Acababa razonando como Malvina.

Quedaba una última esperanza, ese telefonazo de Crédule Grand-Duc, el día anterior, el último antes de su muerte. Pretendía haber descubierto un nuevo elemento que ponía en tela de juicio todas sus certezas anteriores. Le había afirmado que había tenido la iluminación tres días antes, en los ultimísimos minutos de su contrato, supuestamente leyendo L’Est Républicain. ¡Cinco minutos antes de medianoche!

¿Iba a ser lo bastante ingenua como para creerlo? ¿Iba a ser lo bastante estúpida como para seguir a Grand-Duc en un farol tan burdo?

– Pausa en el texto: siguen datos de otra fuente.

text \<open>A semigroup S is represented by a type 'a (S = UNIV) with a multiplication m
and a distinguished zero element z.  Elements of S~ = S \<union> {1} are 'a option,
None standing for the adjoined identity 1.\<close>

definition semigroup_with_zero :: "('a \<Rightarrow> 'a \<Rightarrow> 'a) \<Rightarrow> 'a \<Rightarrow> bool" where
  "semigroup_with_zero m z \<longleftrightarrow>
     (\<forall>x y w. m (m x y) w = m x (m y w)) \<and> (\<forall>x. m z x = z \<and> m x z = z)"

definition zero_left_cancellative :: "('a \<Rightarrow> 'a \<Rightarrow> 'a) \<Rightarrow> 'a \<Rightarrow> bool" where
  "zero_left_cancellative m z \<longleftrightarrow> (\<forall>s t r. m s t = m s r \<and> m s t \<noteq> z \<longrightarrow> t = r)"

text \<open>s divides t iff t \<in> s S~, i.e. t = s or t = s x for some x.\<close>
definition sdvd :: "('a \<Rightarrow> 'a \<Rightarrow> 'a) \<Rightarrow> 'a \<Rightarrow> 'a \<Rightarrow> bool" where
  "sdvd m s t \<longleftrightarrow> t = s \<or> (\<exists>x. t = m s x)"

definition principal :: "('a \<Rightarrow> 'a \<Rightarrow> 'a) \<Rightarrow> 'a \<Rightarrow> 'a set" where
  "principal m s = range (m s)"

definition admits_lcm :: "('a \<Rightarrow> 'a \<Rightarrow> 'a) \<Rightarrow> bool" where
  "admits_lcm m \<longleftrightarrow> (\<forall>s t. \<exists>r. principal m s \<inter> principal m t = principal m r
                                   \<and> sdvd m s r \<and> sdvd m t r)"

definition Fs :: "('a \<Rightarrow> 'a \<Rightarrow> 'a) \<Rightarrow> 'a \<Rightarrow> 'a \<Rightarrow> 'a set" where
  "Fs m z s = {x. x \<noteq> z \<and> m s x \<noteq> z}"

definition Es :: "('a \<Rightarrow> 'a \<Rightarrow> 'a) \<Rightarrow> 'a \<Rightarrow> 'a \<Rightarrow> 'a set" where
  "Es m z s = principal m s - {z}"

definition theta :: "('a \<Rightarrow> 'a \<Rightarrow> 'a) \<Rightarrow> 'a \<Rightarrow> 'a \<Rightarrow> ('a \<rightharpoonup> 'a)" where
  "theta m z s = (\<lambda>x. if x \<in> Fs m z s then Some (m s x) else None)"

definition pinv :: "('a \<rightharpoonup> 'a) \<Rightarrow> ('a \<rightharpoonup> 'a)" where
  "pinv f = (\<lambda>y. if \<exists>x. f x = Some y then Some (THE x. f x = Some y) else None)"

inductive_set Hull :: "('a \<Rightarrow> 'a \<Rightarrow> 'a) \<Rightarrow> 'a \<Rightarrow> ('a \<rightharpoonup> 'a) set"
  for m :: "'a \<Rightarrow> 'a \<Rightarrow> 'a" and z :: 'a where
  gen: "theta m z s \<in> Hull m z"
| inv: "f \<in> Hull m z \<Longrightarrow> pinv f \<in> Hull m z"
| comp: "f \<in> Hull m z \<Longrightarrow> g \<in> Hull m z \<Longrightarrow> f \<circ>\<^sub>m g \<in> Hull m z"

definition pid :: "'a set \<Rightarrow> ('a \<rightharpoonup> 'a)" where
  "pid X = (\<lambda>x. if x \<in> X then Some x else None)"

definition Ecal :: "('a \<Rightarrow> 'a \<Rightarrow> 'a) \<Rightarrow> 'a \<Rightarrow> 'a set set" where
  "Ecal m z = {X. X \<subseteq> - {z} \<and> pid X \<in> Hull m z}"

text \<open>Characters of E(S) are represented as maps 'a set \<Rightarrow> bool which are False
outside E(S) (so that equality and the pointwise order are those on E(S)).\<close>
definition character :: "('a \<Rightarrow> 'a \<Rightarrow> 'a) \<Rightarrow> 'a \<Rightarrow> ('a set \<Rightarrow> bool) \<Rightarrow> bool" where
  "character m z \<phi> \<longleftrightarrow>
     (\<forall>X. X \<notin> Ecal m z \<longrightarrow> \<not> \<phi> X) \<and>
     (\<exists>X \<in> Ecal m z. \<phi> X) \<and> \<not> \<phi> {} \<and>
     (\<forall>X \<in> Ecal m z. \<forall>Y \<in> Ecal m z. \<phi> (X \<inter> Y) = (\<phi> X \<and> \<phi> Y))"

definition ultracharacter :: "('a \<Rightarrow> 'a \<Rightarrow> 'a) \<Rightarrow> 'a \<Rightarrow> ('a set \<Rightarrow> bool) \<Rightarrow> bool" where
  "ultracharacter m z \<phi> \<longleftrightarrow> character m z \<phi> \<and>
     (\<forall>\<psi>. character m z \<psi> \<and> (\<forall>X \<in> Ecal m z. \<phi> X \<longrightarrow> \<psi> X) \<longrightarrow> \<phi> = \<psi>)"

definition is_string :: "('a \<Rightarrow> 'a \<Rightarrow> 'a) \<Rightarrow> 'a \<Rightarrow> 'a set \<Rightarrow> bool" where
  "is_string m z \<sigma> \<longleftrightarrow> \<sigma> \<noteq> {} \<and> z \<notin> \<sigma> \<and>
     (\<forall>s t. t \<in> \<sigma> \<and> sdvd m s t \<longrightarrow> s \<in> \<sigma>) \<and>
     (\<forall>s \<in> \<sigma>. \<forall>t \<in> \<sigma>. \<exists>r \<in> \<sigma>. sdvd m s r \<and> sdvd m t r)"

definition open_string :: "('a \<Rightarrow> 'a \<Rightarrow> 'a) \<Rightarrow> 'a set \<Rightarrow> bool" where
  "open_string m \<sigma> \<longleftrightarrow> \<sigma> = {s. \<exists>p. m s p \<in> \<sigma>}"

definition phi_str :: "('a \<Rightarrow> 'a \<Rightarrow> 'a) \<Rightarrow> 'a \<Rightarrow> 'a set \<Rightarrow> ('a set \<Rightarrow> bool)" where
  "phi_str m z \<sigma> = (\<lambda>X. X \<in> Ecal m z \<and> (\<forall>s \<in> \<sigma>. \<exists>t \<in> \<sigma> \<inter> X. sdvd m s t))"

definition quasi_maximal :: "('a \<Rightarrow> 'a \<Rightarrow> 'a) \<Rightarrow> 'a \<Rightarrow> 'a set \<Rightarrow> bool" where
  "quasi_maximal m z \<sigma> \<longleftrightarrow> ultracharacter m z (phi_str m z \<sigma>)"

definition sigma_char :: "('a \<Rightarrow> 'a \<Rightarrow> 'a) \<Rightarrow> 'a \<Rightarrow> ('a set \<Rightarrow> bool) \<Rightarrow> 'a set" where
  "sigma_char m z \<phi> = {s. \<phi> (Es m z s)}"

definition open_character :: "('a \<Rightarrow> 'a \<Rightarrow> 'a) \<Rightarrow> 'a \<Rightarrow> ('a set \<Rightarrow> bool) \<Rightarrow> bool" where
  "open_character m z \<phi> \<longleftrightarrow> character m z \<phi> \<and> sigma_char m z \<phi> \<noteq> {} \<and>
     is_string m z (sigma_char m z \<phi>) \<and> open_string m (sigma_char m z \<phi>)"

definition ground_character :: "('a \<Rightarrow> 'a \<Rightarrow> 'a) \<Rightarrow> 'a \<Rightarrow> ('a set \<Rightarrow> bool) \<Rightarrow> bool" where
  "ground_character m z \<phi> \<longleftrightarrow> character m z \<phi> \<and> sigma_char m z \<phi> = {}"

definition hatF :: "('a \<Rightarrow> 'a \<Rightarrow> 'a) \<Rightarrow> 'a \<Rightarrow> 'a option \<Rightarrow> ('a set \<Rightarrow> bool) set" where
  "hatF m z u = (case u of None \<Rightarrow> {\<phi>. character m z \<phi>}
                 | Some s \<Rightarrow> {\<phi>. character m z \<phi> \<and> \<phi> (Fs m z s)})"

definition hat_theta :: "('a \<Rightarrow> 'a \<Rightarrow> 'a) \<Rightarrow> 'a \<Rightarrow> 'a option \<Rightarrow> ('a set \<Rightarrow> bool) \<Rightarrow> ('a set \<Rightarrow> bool)" where
  "hat_theta m z u \<phi> = (case u of None \<Rightarrow> \<phi>
     | Some s \<Rightarrow> (\<lambda>X. X \<in> Ecal m z \<and> \<phi> {y. y \<noteq> z \<and> m s y \<in> X}))"

end

theory Submission
  imports Defs
begin

text \<open>
  Every element of the inverse semigroup generated by the maps \<open>\<theta>\<^sub>s\<close> acts as
  \<open>b y \<mapsto> a y\<close> on a set of \<open>y\<close> closed under left factors, with \<open>a, b \<in> S\<^sup>~\<close>:
  the generators and their inverses have this form, and least common multiples keep it stable
  under composition. Hence every \<open>X \<in> \<E>(S)\<close> is a translate \<open>b Y\<close> of such a set, and
  this forces an open character \<open>\<psi>\<close> to lie below \<open>\<phi>\<^sub>\<sigma>\<close> for \<open>\<sigma> = \<sigma>\<^sub>\<psi>\<close>;
  maximality then gives \<open>\<psi> = \<phi>\<^sub>\<sigma>\<close>.
  If \<open>\<sigma>\<^sub>\<psi>\<close> is nonempty but not open, it contains some \<open>s\<close> none of whose
  multiples \<open>s p\<close> lie in it. The dual map \<open>\<hat>\<theta>\<^sub>s\<close> is an order isomorphism between the
  characters that are \<open>1\<close> on \<open>F\<^sub>s\<close> and those that are \<open>1\<close> on \<open>E\<^sub>s\<close>, so it
  preserves ultracharacters, and its inverse carries \<open>\<psi>\<close> to a ground ultracharacter.
\<close>

lemma pinv_Some_iff:
  assumes inj: "\<And>x x' v. f x = Some v \<Longrightarrow> f x' = Some v \<Longrightarrow> x = x'"
  shows "pinv f v = Some x \<longleftrightarrow> f x = Some v"
proof
  assume fx: "f x = Some v"
  then have "(THE x. f x = Some v) = x"
    using inj by (intro the_equality) blast+
  with fx show "pinv f v = Some x" by (auto simp: pinv_def)
next
  assume "pinv f v = Some x"
  then obtain x' where "f x' = Some v" "x = (THE x. f x = Some v)"
    by (auto simp: pinv_def split: if_splits)
  then show "f x = Some v"
    using theI[of "\<lambda>x. f x = Some v" x'] inj by blast
qed

lemma dom_pinv: "dom (pinv f) = ran f"
  by (auto simp: pinv_def dom_def ran_def)

locale lcm_semigroup =
  fixes m :: "'a \<Rightarrow> 'a \<Rightarrow> 'a" and z :: 'a
  assumes semigroup: "semigroup_with_zero m z"
    and cancellative: "zero_left_cancellative m z"
    and lcm: "admits_lcm m"
begin

lemma assoc: "m (m x y) w = m x (m y w)"
  using semigroup unfolding semigroup_with_zero_def by blast

lemma zero_left [simp]: "m z x = z" and zero_right [simp]: "m x z = z"
  using semigroup unfolding semigroup_with_zero_def by blast+

lemma cancel: "m s t = m s r \<Longrightarrow> m s t \<noteq> z \<Longrightarrow> t = r"
  using cancellative unfolding zero_left_cancellative_def by blast

lemma lcm_exists:
  obtains r where "principal m s \<inter> principal m t = principal m r" "sdvd m s r" "sdvd m t r"
  using lcm unfolding admits_lcm_def by blast

lemma sdvd_refl: "sdvd m s s"
  by (simp add: sdvd_def)

lemma sdvd_mult: "sdvd m s (m s p)"
  by (auto simp: sdvd_def)

lemma sdvd_trans: "sdvd m s t \<Longrightarrow> sdvd m t u \<Longrightarrow> sdvd m s u"
  unfolding sdvd_def using assoc by blast

lemma sdvd_mult_right: "sdvd m s r \<Longrightarrow> \<exists>y. m r p = m s y"
  unfolding sdvd_def using assoc by blast

definition tmul :: "'a option \<Rightarrow> 'a \<Rightarrow> 'a" where
  "tmul c y = (case c of None \<Rightarrow> y | Some a \<Rightarrow> m a y)"

definition tprod :: "'a option \<Rightarrow> 'a option \<Rightarrow> 'a option" where
  "tprod c d = (case d of None \<Rightarrow> c | Some b \<Rightarrow> Some (tmul c b))"

lemma tmul_None [simp]: "tmul None y = y" and tmul_Some [simp]: "tmul (Some a) y = m a y"
  by (simp_all add: tmul_def)

lemma tmul_zero [simp]: "tmul c z = z"
  by (cases c) simp_all

lemma tmul_mult: "tmul c (m y q) = m (tmul c y) q"
  by (cases c) (simp_all add: assoc)

lemma tmul_tprod [simp]: "tmul (tprod c d) y = tmul c (tmul d y)"
  by (cases d) (simp_all add: tprod_def tmul_mult)

lemma tmul_cancel: "tmul c y = tmul c y' \<Longrightarrow> tmul c y \<noteq> z \<Longrightarrow> y = y'"
  by (cases c) (auto intro: cancel)

lemma sdvd_tmul: "sdvd m s r \<Longrightarrow> \<exists>c. \<forall>v. m s (tmul c v) = m r v"
  unfolding sdvd_def by (metis assoc tmul_None tmul_Some)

Grand-Duc no había querido decir nada más, le había precisado que deseaba comprobar unos últimos detalles. Volvió a pensar en Malvina y en su Mauser. Grand-Duc se había comportado como esos testigos de las novelas policíacas, que tratan de venderse al mejor postor y que se encuentran con una bala en el corazón antes de haber podido pronunciar una cifra.

Mathilde de Carville se acercó ante las ramas cortadas de los rosales. Se inclinó y recogió los tallos con toda la mano, sin una mala cara, sin sufrimiento aparente.

A pesar de todo, no podía dejar de pensar que las últimas palabras de Crédule Grand-Duc quizá eran ciertas.

Un resultado. Una esperanza postrera.

Y, como siempre en esta historia, la balanza del destino. Para que una familia tuviera esperanza, la otra debía perderlo todo.